Happy Birthday Stick, and thank you for your contributions to the forum .


----------



## Barry747 (Jun 16, 2011)

Happy Birthday Stick. Sorry that you had to spend it reading all of these lame Happy Birthday messages, like this one. Be happy. Just remember some day you will look back on this as the good old days. Ops, did I say old? How accurate of me.


----------



## HoweA (Jul 31, 2013)

Stick around and have a great day...Happy Birthday...


----------



## TWheels (May 26, 2006)

Hope you HAD a great Birthday, @Stick486. Hope you had a coffeecake with candles (and fire extinguishers nearby).


----------



## Stick486 (Jan 4, 2013)

RainMan 2.0 said:


>


a then and now pic...
how cool...
thanks rick...


----------



## jw2170 (Jan 24, 2008)

Happy birthday, Stick.

I thought that glow in the Easter sky was from a comet....


----------



## old55 (Aug 11, 2013)

Happy Birthday Stick have a great day and may they keep on coming.


----------



## jj777746 (Jan 17, 2015)

Happy birthday Stick,will get you a present next year. Jamesjj777746


----------



## 1fizgig (Feb 11, 2018)

Happy Birthday Stick, thanks for always being there to share advice and good humour


----------



## Stick486 (Jan 4, 2013)

thanks everybuddy for making my day...


----------



## David Dickson (Oct 30, 2015)

Happy birthday and thanks for all you do for the forum.


----------



## RÖENTGEEP (Feb 18, 2014)

Feliz cumpleaños querido amigo, aunque sea un poco tarde, ya que fue ayer, sin embargo, espero que la hayas pasado MUY BIEN, disfrutando un año mas, te mando un caluroso abrazo. 
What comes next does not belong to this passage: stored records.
lemma ergodic_AE_frequently_hits_windows:
  fixes S :: "nat \<Rightarrow> 'a set"
  assumes "prob_space M" "measure_preserving_map M T" "ergodic_map M T"
    and S: "\<And>k. S k \<in> sets M" "\<And>k. 0 < measure M (S k)"
  shows "\<exists>W. AE x in M. \<exists>\<^sub>F k in sequentially. \<exists>n\<in>{k..W k}. (T^^n) x \<in> S k"
proof -
  interpret prob_space M by fact
  define G where "G k W = {x\<in>space M. \<exists>n\<in>{k..W}. (T^^n) x \<in> S k}" for k W
  have "\<exists>W. 1 - inverse (real (Suc k)) < measure M (G k W)" for k
    unfolding G_def using ergodic_hitting_window[OF assms(1-3) S] by simp
  then obtain W where W: "\<And>k. 1 - inverse (real (Suc k)) < measure M (G k (W k))"
    by metis
  have "T \<in> measurable M M"
    using assms(2) unfolding measure_preserving_map_def by simp
  then have G_sets: "range (\<lambda>k. G k (W k)) \<subseteq> sets M"
    unfolding G_def using hitting_set_sets S(1) by blast
  have lower_lim: "(\<lambda>k. 1 - inverse (real (Suc k))) \<longlonglongrightarrow> 1"
    using LIMSEQ_inverse_real_of_nat_add_minus[of 1] by simp
  have "(\<lambda>k. measure M (G k (W k))) \<longlonglongrightarrow> 1"
    by (rule tendsto_sandwich[OF _ _ lower_lim tendsto_const])
       (intro always_eventually allI less_imp_le W prob_le_1)+
  then have "AE x in M. \<exists>\<^sub>F k in sequentially. x \<in> G k (W k)"
    by (rule AE_frequently_if_prob_tendsto_1[OF assms(1) G_sets])
  then have "AE x in M. \<exists>\<^sub>F k in sequentially. \<exists>n\<in>{k..W k}. (T^^n) x \<in> S k"
    by eventually_elim (auto elim: frequently_elim1 simp: G_def)
  then show ?thesis by blast
qed

lemma limsup_weighted_visits_eq_infinity:
  fixes l :: "nat \<Rightarrow> nat" and W :: "nat \<Rightarrow> nat" and y :: "nat \<Rightarrow> 'a"
  assumes l_mono: "strict_mono_on {1..} l" and l_pos: "\<forall>n\<ge>1. 0 < l n"
    and "disjoint_family S" and visits: "\<exists>\<^sub>F k in sequentially. \<exists>n\<in>{k..W k}. y n \<in> S k"
  shows "limsup (\<lambda>n. ereal ((\<Sum>k. real k * real (l (W k)) * indicator (S k) (y n)) / real (l n))) = \<infinity>"
proof (rule limsup_eq_infinity_if_frequently_ge)
  fix r :: real
  show "\<exists>\<^sub>F n in sequentially. r \<le> (\<Sum>k. real k * real (l (W k)) * indicator (S k) (y n)) / real (l n)"
    unfolding frequently_sequentially
  proof
    fix N
    obtain k n where k: "k \<ge> max N (max 1 (nat \<lceil>r\<rceil>))" and n: "n \<in> {k..W k}" "y n \<in> S k"
      using visits unfolding frequently_sequentially by blast
    have "l n \<le> l (W k)"
      using n(1) k by (intro strict_mono_on_leD[OF l_mono]) auto
    moreover have "0 < l n"
      using l_pos n(1) k by auto
    ultimately have "real k \<le> real k * real (l (W k)) / real (l n)"
      by (simp add: pos_le_divide_eq mult_left_mono)
    moreover have "r \<le> real k"
      using k by linarith
    ultimately have "r \<le> real k * real (l (W k)) / real (l n)"
      by linarith
    also have "real k * real (l (W k)) = (\<Sum>i. real i * real (l (W i)) * indicator (S i) (y n))"
      by (rule suminf_mult_indicator[OF assms(3) n(2), symmetric])
    finally have "r \<le> (\<Sum>i. real i * real (l (W i)) * indicator (S i) (y n)) / real (l n)" .
    moreover have "n \<ge> N"
      using n(1) k by simp
    ultimately show "\<exists>n\<ge>N. r \<le> (\<Sum>k. real k * real (l (W k)) * indicator (S k) (y n)) / real (l n)"
      by blast
  qed
qed

theorem lemma3:
  fixes M :: "'a measure" and T :: "'a \<Rightarrow> 'a" and l :: "nat \<Rightarrow> nat"
  assumes "prob_space M"
    and "non_atomic M"
    and "invertible_mp_map M T"
    and "ergodic_map M T"
    and "strict_mono_on {1..} l"
    and "\<forall>n\<ge>1. 0 < l n"
  shows "\<exists>v :: 'a \<Rightarrow> real. v \<in> borel_measurable M \<and> (\<forall>x\<in>space M. 0 \<le> v x) \<and>
           (AE x in M. limsup (\<lambda>n. ereal (v ((T ^^ n) x) / real (l n))) = \<infinity>)"
proof -
  interpret prob_space M by fact
  have mp: "measure_preserving_map M T"
    using assms(3) unfolding invertible_mp_map_def by simp
  obtain S :: "nat \<Rightarrow> 'a set"
    where disj: "disjoint_family S" and S: "\<And>k. S k \<in> sets M" "\<And>k. 0 < measure M (S k)"
    using non_atomic_disjoint_family[OF finite_measure assms(2)] by (auto simp: prob_space)
  have "\<exists>W. AE x in M. \<exists>\<^sub>F k in sequentially. \<exists>n\<in>{k..W k}. (T^^n) x \<in> S k"
    by (rule ergodic_AE_frequently_hits_windows[OF assms(1) mp assms(4)]) (fact S)+
  then obtain W where visits: "AE x in M. \<exists>\<^sub>F k in sequentially. \<exists>n\<in>{k..W k}. (T^^n) x \<in> S k"
    by blast
  define v where "v x = (\<Sum>k. real k * real (l (W k)) * indicator (S k) x)" for x
  have "v \<in> borel_measurable M"
    unfolding v_def using S(1)
    by (intro borel_measurable_suminf borel_measurable_times borel_measurable_const borel_measurable_indicator)
  moreover have "0 \<le> v x" for x
    unfolding v_def using disj by (rule weighted_indicator_sum_nonneg) simp
  moreover have "AE x in M. limsup (\<lambda>n. ereal (v ((T ^^ n) x) / real (l n))) = \<infinity>"
    using visits unfolding v_def
    by eventually_elim (rule limsup_weighted_visits_eq_infinity[OF assms(5,6) disj])
  ultimately show ?thesis
    by blast
qed

end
Ya que mencionaron HF, yo te quería regalar un brand new "Sears Crafstman" Router, :surprise: solo digo. :nerd: pero mejor me aguanto. :smile:


----------



## OutoftheWoodwork (Oct 4, 2012)

:x Happy Belated, Stick. :x


----------



## honesttjohn (Feb 17, 2015)

When you get to be as "experienced" as Stick you just count the decades. It's a lot easier.

I heard Joat was sending you one of his canes - just to stir things up a little.


----------



## Stick486 (Jan 4, 2013)

RÖENTGEEP said:


> Feliz cumpleaños querido amigo, aunque sea un poco tarde, ya que fue ayer, sin embargo, espero que la hayas pasado MUY BIEN, disfrutando un año mas, te mando un caluroso abrazo.
> 
> Ya que mencionaron HF, yo te quería regalar un brand new "Sears Craftsman" Router, :surprise: solo digo. :nerd: pero mejor me aguanto. :smile:


thanks buddy...
no such thing as late to a party...
just a shot of fresh blood to keep things pumping...
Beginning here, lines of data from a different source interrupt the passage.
lemma candidate_proj_Pair_expand:
  assumes X: "candidate X" and "a \<in> SN" and "b \<in> SN" and "(if i then a else b) \<in> X"
  shows "proj i (Pair a b) \<in> X"
  using assms(2-4)
proof (induction a b rule: SN_pair_induct)
  case (step a b)
  show ?case
  proof (rule candidate_neutral [OF X])
    fix v assume "proj i (Pair a b) \<rightarrow>\<^sub>d v"
    then show "v \<in> X"
    proof (cases rule: proj_distE)
      case proj
      then show ?thesis using step.prems by auto
    next
      case (cong r)
      from \<open>Pair a b \<rightarrow>\<^sub>d r\<close> show ?thesis
      proof (cases rule: Pair_distE)
        case (left a')
        then show ?thesis
          using cong step.IH(1) step.prems candidate_step [OF X] by (cases i) auto
      next
        case (right b')
        then show ?thesis
          using cong step.IH(2) step.prems candidate_step [OF X] by (cases i) auto
      qed
    qed simp
  qed simp
qed

lemma candidate_App_proj:
  assumes X: "candidate X" and Y: "candidate Y"
    and "\<forall>s\<in>X. proj i (App t s) \<in> Y" and "s \<in> X"
  shows "App (proj i t) s \<in> Y"
proof -
  have "proj i (App t (Var 0)) \<in> SN"
    using assms(3) candidate_Var [OF X] candidate_SN [OF Y] by blast
  then have "t \<in> SN"
    by (rule SN_reflect [rotated]) (intro proj_cong dist.appL)
  moreover have "s \<in> SN" using candidate_SN [OF X \<open>s \<in> X\<close>] .
  ultimately show ?thesis using assms(3,4)
  proof (induction t s rule: SN_pair_induct)
    case (step t s)
    have in_Y: "proj i (App t s) \<in> Y" using step.prems by blast
    show ?case
    proof (rule candidate_neutral [OF Y])
      fix v assume "App (proj i t) s \<rightarrow>\<^sub>d v"
      then show "v \<in> Y"
      proof (cases rule: App_distE)
        case (appL r)
        from \<open>proj i t \<rightarrow>\<^sub>d r\<close> show ?thesis
        proof (cases rule: proj_distE)
          case (proj a b)
          have "proj i (App t s) \<rightarrow>\<^sub>d proj i (Pair (App a s) (App b s))"
            using proj by (simp add: proj_cong dist.app_pair)
          moreover have "proj i (Pair (App a s) (App b s)) \<rightarrow>\<^sub>d v"
            using proj_Pair [of i "App a s" "App b s"] proj appL by (cases i) simp_all
          ultimately show ?thesis using in_Y candidate_step [OF Y] by blast
        next
          case (proj_lam u)
          have "proj i (App t s) \<rightarrow>\<^sub>d subst (proj i u) s 0"
            using proj_lam by (simp add: proj_cong dist.beta)
          then have "subst (proj i u) s 0 \<in> Y" using in_Y candidate_step [OF Y] by blast
          moreover from this have "proj i u \<in> SN" by (blast intro: SN_of_SN_subst candidate_SN [OF Y])
          ultimately show ?thesis
            using candidate_beta_expand [OF Y] step.hyps appL proj_lam by simp
        next
          case (cong t')
          have "\<forall>s\<in>X. proj i (App t' s) \<in> Y"
            using step.prems \<open>t \<rightarrow>\<^sub>d t'\<close> candidate_step [OF Y] by (blast intro: proj_cong dist.appL)
          then show ?thesis using step.IH(1) step.prems cong appL by blast
        qed
      next
        case (appR s')
        then show ?thesis using step.IH(2) step.prems candidate_step [OF X] by blast
      qed simp_all
    qed simp
  qed
qed

lemma candidate_proj_App:
  assumes X: "candidate X" and Y: "candidate Y"
    and "\<forall>s\<in>X. App (proj i t) s \<in> Y" and "\<forall>s\<in>X. App (proj (\<not> i) t) s \<in> SN"
    and "s \<in> X"
  shows "proj i (App t s) \<in> Y"
proof -
  have "App (proj i t) (Var 0) \<in> SN"
    using assms(3) candidate_Var [OF X] candidate_SN [OF Y] by blast
  then have "t \<in> SN"
    by (rule SN_reflect [rotated]) (intro proj_cong dist.appL)
  moreover have "s \<in> SN" using candidate_SN [OF X \<open>s \<in> X\<close>] .
  ultimately show ?thesis using assms(3-5)
  proof (induction t s rule: SN_pair_induct)
    case (step t s)
    have in_Y: "App (proj i t) s \<in> Y" and in_SN: "App (proj (\<not> i) t) s \<in> SN"
      using step.prems by blast+
    show ?case
    proof (rule candidate_neutral [OF Y])
      fix v assume "proj i (App t s) \<rightarrow>\<^sub>d v"
      then obtain r where "App t s \<rightarrow>\<^sub>d r" and v: "v = proj i r"
        by (cases rule: proj_distE) auto
      from \<open>App t s \<rightarrow>\<^sub>d r\<close> show "v \<in> Y"
      proof (cases rule: App_distE)
        case (beta u)
        have "App (proj i t) s \<rightarrow>\<^sub>d App (Lam (proj i u)) s"
          using beta by (simp add: proj_Lam dist.appL)
        then have "App (Lam (proj i u)) s \<in> Y" using in_Y candidate_step [OF Y] by blast
        then have "subst (proj i u) s 0 \<in> Y" using candidate_step [OF Y] dist.beta by blast
        then show ?thesis using beta v by simp
      next
        case (app_pair a b)
        have "App (proj j t) s \<rightarrow>\<^sub>d App (if j then a else b) s" for j
          using app_pair by (simp add: proj_Pair dist.appL)
        then have "App (if i then a else b) s \<in> Y" and "App (if \<not> i then a else b) s \<in> SN"
          using in_Y in_SN candidate_step [OF Y] SN_step by blast+
        then have "App a s \<in> SN" and "App b s \<in> SN" and "(if i then App a s else App b s) \<in> Y"
          using candidate_SN [OF Y] by (cases i; simp)+
        then show ?thesis
          using candidate_proj_Pair_expand [OF Y] app_pair v by blast
      next
        case (appL t')
        have "\<forall>s\<in>X. App (proj i t') s \<in> Y" "\<forall>s\<in>X. App (proj (\<not> i) t') s \<in> SN"
          using step.prems \<open>t \<rightarrow>\<^sub>d t'\<close> candidate_step [OF Y] SN_step
          by (blast intro: proj_cong dist.appL)+
        then show ?thesis using step.IH(1) step.prems(3) appL v by blast
      next
        case (appR s')
        then show ?thesis using step.IH(2) step.prems v candidate_step [OF X] by blast
      qed
    qed simp
  qed
qed

lemma interp_Fun_Conj: "interp (Fun A (Conj B C)) = interp (Conj (Fun A B) (Fun A C))"
proof (intro set_eqI iffI)
  fix t assume "t \<in> interp (Fun A (Conj B C))"
  then have "\<forall>s\<in>interp A. proj i (App t s) \<in> interp (if i then B else C)" for i
    by (auto simp: proj_def)
  then have "\<forall>s\<in>interp A. App (proj i t) s \<in> interp (if i then B else C)" for i
    using candidate_App_proj candidate_interp by blast
  from this [of True] this [of False] show "t \<in> interp (Conj (Fun A B) (Fun A C))"
    by (simp add: proj_def)
next
  fix t assume "t \<in> interp (Conj (Fun A B) (Fun A C))"
  then have "\<forall>s\<in>interp A. App (proj i t) s \<in> interp (if i then B else C)" for i
    by (auto simp: proj_def)
  then have "\<forall>s\<in>interp A. proj i (App t s) \<in> interp (if i then B else C)" for i
    using candidate_proj_App [OF candidate_interp candidate_interp] candidate_SN [OF candidate_interp]
    by blast
  from this [of True] this [of False] show "t \<in> interp (Fun A (Conj B C))"
    by (simp add: proj_def)
qed

theorem lemma7:
  fixes A B :: ty
  assumes "A \<equiv>\<^sub>T B"
  shows "interp A = interp B"
  using assms
proof induction
  case ax
  show ?case by (rule interp_Fun_Conj)
qed simp_all

end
send the router to Herb...
we need the entertainment....



Happy birthday dear friend, even if it is a little late, since it was yesterday, however, I hope you had a VERY GOOD time, enjoying another year, I send you a warm hug.

Since they mentioned HF, I wanted to give you a brand new "Sears Crafstman" Router, I'm just saying. but I better hold on


----------



## old coasty (Aug 15, 2014)

Happy Belated Birthday Stick, and many more to come. Thanks for all your contributions for us old learners who continue to learn from the fountain of knowledge.


----------



## Stick486 (Jan 4, 2013)

yur welcome Bob...


----------



## mbrun (Jan 12, 2020)

Happy Belated! Sorry I missed it. 


Sent from my iPad using Tapatalk


----------



## Arcola60 (Jul 4, 2009)

Happy Birthday Stick!
Thanks for all of the helpful information that you always provide to everyone.


----------



## Stick486 (Jan 4, 2013)

mbrun said:


> Happy Belated! Sorry I missed it.
> 
> 
> Sent from my iPad using Tapatalk


you didn't miss it...
as slow as us olders move, it will be awhile before we get the place cleared out....


----------



## Stick486 (Jan 4, 2013)

Arcola60 said:


> Happy Birthday Stick!
> Thanks for all of the helpful information that you always provide to everyone.


thanks and you are so welcome...


----------



## grb1952 (Dec 29, 2014)

Getting older is like frying bacon in the nude. You know its going to hurt, you just don't know where.

Happy Birthday


----------